Prior to Jamie's diagnosis of Gauchers disease, he had been fit and well so this result was a shock to us all. We had never even heard of the disease but with the help of the Specialist Team at the Royal Free Hospital and the Gauchers Association, we have been offered a wealth of information and a great deal of support.
Jamie first became unwell while working abroad in the USA at Camp America, Georgia, where he was a Sports Counsellor teaching children for a nine week period.
After five weeks, he began complaining to the staff of a strange feeling in his head and generally not feeling well. He was taken into the Camp Infirmary but was finally admitted to Northside Hospital in Atlanta where he underwent numerous blood tests, brain scans (MRI), CT scans and other tests.
It was discovered that he had an enlarged spleen and there was concern about his low blood platelet count which was 60,000. (The average person has 140,000 plus).

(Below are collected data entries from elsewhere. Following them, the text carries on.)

lemma card_lam_eq_1: "card {k. k < 6 \<and> lam k = 1} = 2"
proof -
  have "card {k. k < 6 \<and> lam k = 1} = card {0, 2 :: nat}"
    using basis_eigen third_eigenvalue_less_1
    by (intro card_eigenvalue_eq[OF normA_symmetric v_orthonormal _ basis_orthogonal])
       (auto simp: v_eigen intro!: eigenvector_dot_basis_eq_0)
  then show ?thesis
    by simp
qed

lemma card_lam_eq_third: "card {k. k < 6 \<and> lam k = third_eigenvalue tc} = 1"
proof -
  have "card {k. k < 6 \<and> lam k = third_eigenvalue tc} = card {3 :: nat}"
    using basis_eigen third_eigenvalue_pos third_eigenvalue_less_1
    by (intro card_eigenvalue_eq[OF normA_symmetric v_orthonormal _ basis_orthogonal])
       (auto simp: v_eigen intro!: eigenvector_dot_basis_eq_0)
  then show ?thesis
    by simp
qed

lemma lam_not_above_third:
  assumes "third_eigenvalue tc < l" "l \<noteq> 1" "k < 6"
  shows "lam k \<noteq> l"
proof -
  have "card {k. k < 6 \<and> lam k = l} = card ({} :: nat set)"
    using assms(1,2) third_eigenvalue_pos
    by (intro card_eigenvalue_eq[OF normA_symmetric v_orthonormal _ basis_orthogonal])
       (auto simp: v_eigen intro!: eigenvector_dot_basis_eq_0)
  then show ?thesis
    using assms(3) by auto
qed

lemma lam_le_1: "k < 6 \<Longrightarrow> lam k \<le> 1"
  using lam_not_above_third[of "lam k" k] third_eigenvalue_less_1 by fastforce
(* Consider the Hubbard model described in the context on a finite connected lattice $\mathcal{M}$ with uniform coordination number $\zeta$, and suppose that the electron number is $N_e=|\mathcal{M}|$. Then, in the limits $U\uparrow\infty$ and $s\uparrow\infty$, the ground states of the model have total spin $S_{\mathrm{tot}}=S_{\max}=N_e/2$, and they are unique up to the trivial $(2S_{\max}+1)$-fold degeneracy.
   Context: Lattice: $\mathcal{M}$ is a finite set of sites. $\mathcal{B}$ is a set of ordered pairs $(x,y)$ of distinct sites of $\mathcal{M}$ (bonds) such that for any $x,y$ at most one of $(x,y),(y,x)$ lies in $\mathcal{B}$. Put $\mathcal{E}=\mathcal{B}\cup\{(y,x):(x,y)\in\mathcal{B}\}$. We assume $\mathcal{M}$ is connected via the bonds in $\mathcal{B}$, and that every $x\in\mathcal{M}$ has exactly $\zeta$ sites $y$ with $(x,y)\in\mathcal{E}$. For each $(x,y)\in\mathcal{B}$ introduce two additional sites $u(x,y)$ and $\bar u(x,y)$; let $\mathcal{O}$ and $\bar{\mathcal{O}}$ be the sets of all $u(x,y)$ and all $\bar u(x,y)$ respectively, and let $\Lambda=\mathcal{M}\cup\mathcal{O}\cup\bar{\mathcal{O}}$. Operators: $c_{z,\sigma}$ ($z\in\Lambda$, $\sigma\in\{\uparrow,\downarrow\}$) are the standard fermion annihilation operators, $n_{z,\sigma}=c^\dagger_{z,\sigma}c_{z,\sigma}$, and $|\Phi_{\mathrm{vac}}\rangle$ is the vacuum. Fix $\mu>0$. For $x\in\mathcal{M}$, $a_{x,\sigma}=(1+2\zeta\mu^2)^{-1/2}\{c_{x,\sigma}+\mu\sum_{y:(x,y)\in\mathcal{B}}(c_{u(x,y),\sigma}-c_{\bar u(x,y),\sigma})+\mu\sum_{y:(y,x)\in\mathcal{B}}(c_{u(y,x),\sigma}+c_{\bar u(y,x),\sigma})\}$. For $u=u(x,y)\in\mathcal{O}$, $b_{u,\sigma}=c_{u,\sigma}-\mu(c_{x,\sigma}+c_{y,\sigma})$; for $\bar u=\bar u(x,y)\in\bar{\mathcal{O}}$, $b_{\bar u,\sigma}=c_{\bar u,\sigma}+\mu(c_{x,\sigma}-c_{y,\sigma})$. Hamiltonian, with parameters $s,t,U>0$: $H=t\sum_{(x,y)\in\mathcal{E},\sigma}a^\dagger_{x,\sigma}a_{y,\sigma}+s\sum_{v\in\mathcal{O}\cup\bar{\mathcal{O}},\sigma}b^\dagger_{v,\sigma}b_{v,\sigma}+U\sum_{z\in\Lambda}n_{z,\uparrow}n_{z,\downarrow}$. It acts on the Hilbert space with fixed electron number $N_e\le|\mathcal{M}|$. Spin: $S^+_z=c^\dagger_{z,\uparrow}c_{z,\downarrow}$, $S^-_z=c^\dagger_{z,\downarrow}c_{z,\uparrow}$, $S^{(3)}_z=\tfrac12(n_{z,\uparrow}-n_{z,\downarrow})$, $S^{(1)}_z=(S^+_z+S^-_z)/2$, $S^{(2)}_z=(S^+_z-S^-_z)/(2i)$. The total spin is $\mathbf{S}_{\mathrm{tot}}=\sum_{z\in\Lambda}\mathbf{S}_z$, the eigenvalues of $(\mathbf{S}_{\mathrm{tot}})^2$ are written $S_{\mathrm{tot}}(S_{\mathrm{tot}}+1)$, and $S_{\max}=N_e/2$. Ground states in the limits: a fixed state $|\Phi\rangle$ (independent of $s,U$) is a finite-energy state if $\lim_{s\uparrow\infty}\lim_{U\uparrow\infty}\langle\Phi|H|\Phi\rangle<\infty$. The ground states in the limits $U\uparrow\infty$, $s\uparrow\infty$ are the normalized $N_e$-electron states minimizing this limiting energy. *)

theory Defs
  imports Complex_Main "HOL-Library.Product_Lexorder"
begin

At first, the doctors thought he had contracted Ehrlichia, an infection from a tick (insect) bite but they recommended that he return to England for further tests and that he undergo a bone marrow biopsy for further evaluation. This was carried out at Northwick Park Hospital in London and after one of the longest weeks of our lives waiting for results, it was discovered that he had Gauchers disease.
Jamie's initial reaction was that of anger at us for, as he put it, 'giving him a disease' and a feeling of isolation as this is such a rare disorder.
He had also been told he shouldn't smoke and only drink occasionally. How was he going to cope as a teenager partaking in a University education and social life? Would he be able to live a normal life?
There were such mixed emotions for all of us - feelings of guilt and upset although we were relieved that it was not worse and that it was treatable.
Initially, the treatment with Cerezyme was understandably stressful for Jamie, as it was not easy for the nurses to find his veins for the infusions but fortunately as time goes by things have become easier for him and a matter of routine.
At the end of the Summer, Jamie had some exciting news which was the offer of a place at Birmingham University to study Social Policy. He is enjoying the course, not complaining about his head so much any more, has taken up badminton and is having a great social life.
He now has his infusions weekly and says: 'They go right first time now.' He has definitely become more accepting of the situation and is generally more relaxed.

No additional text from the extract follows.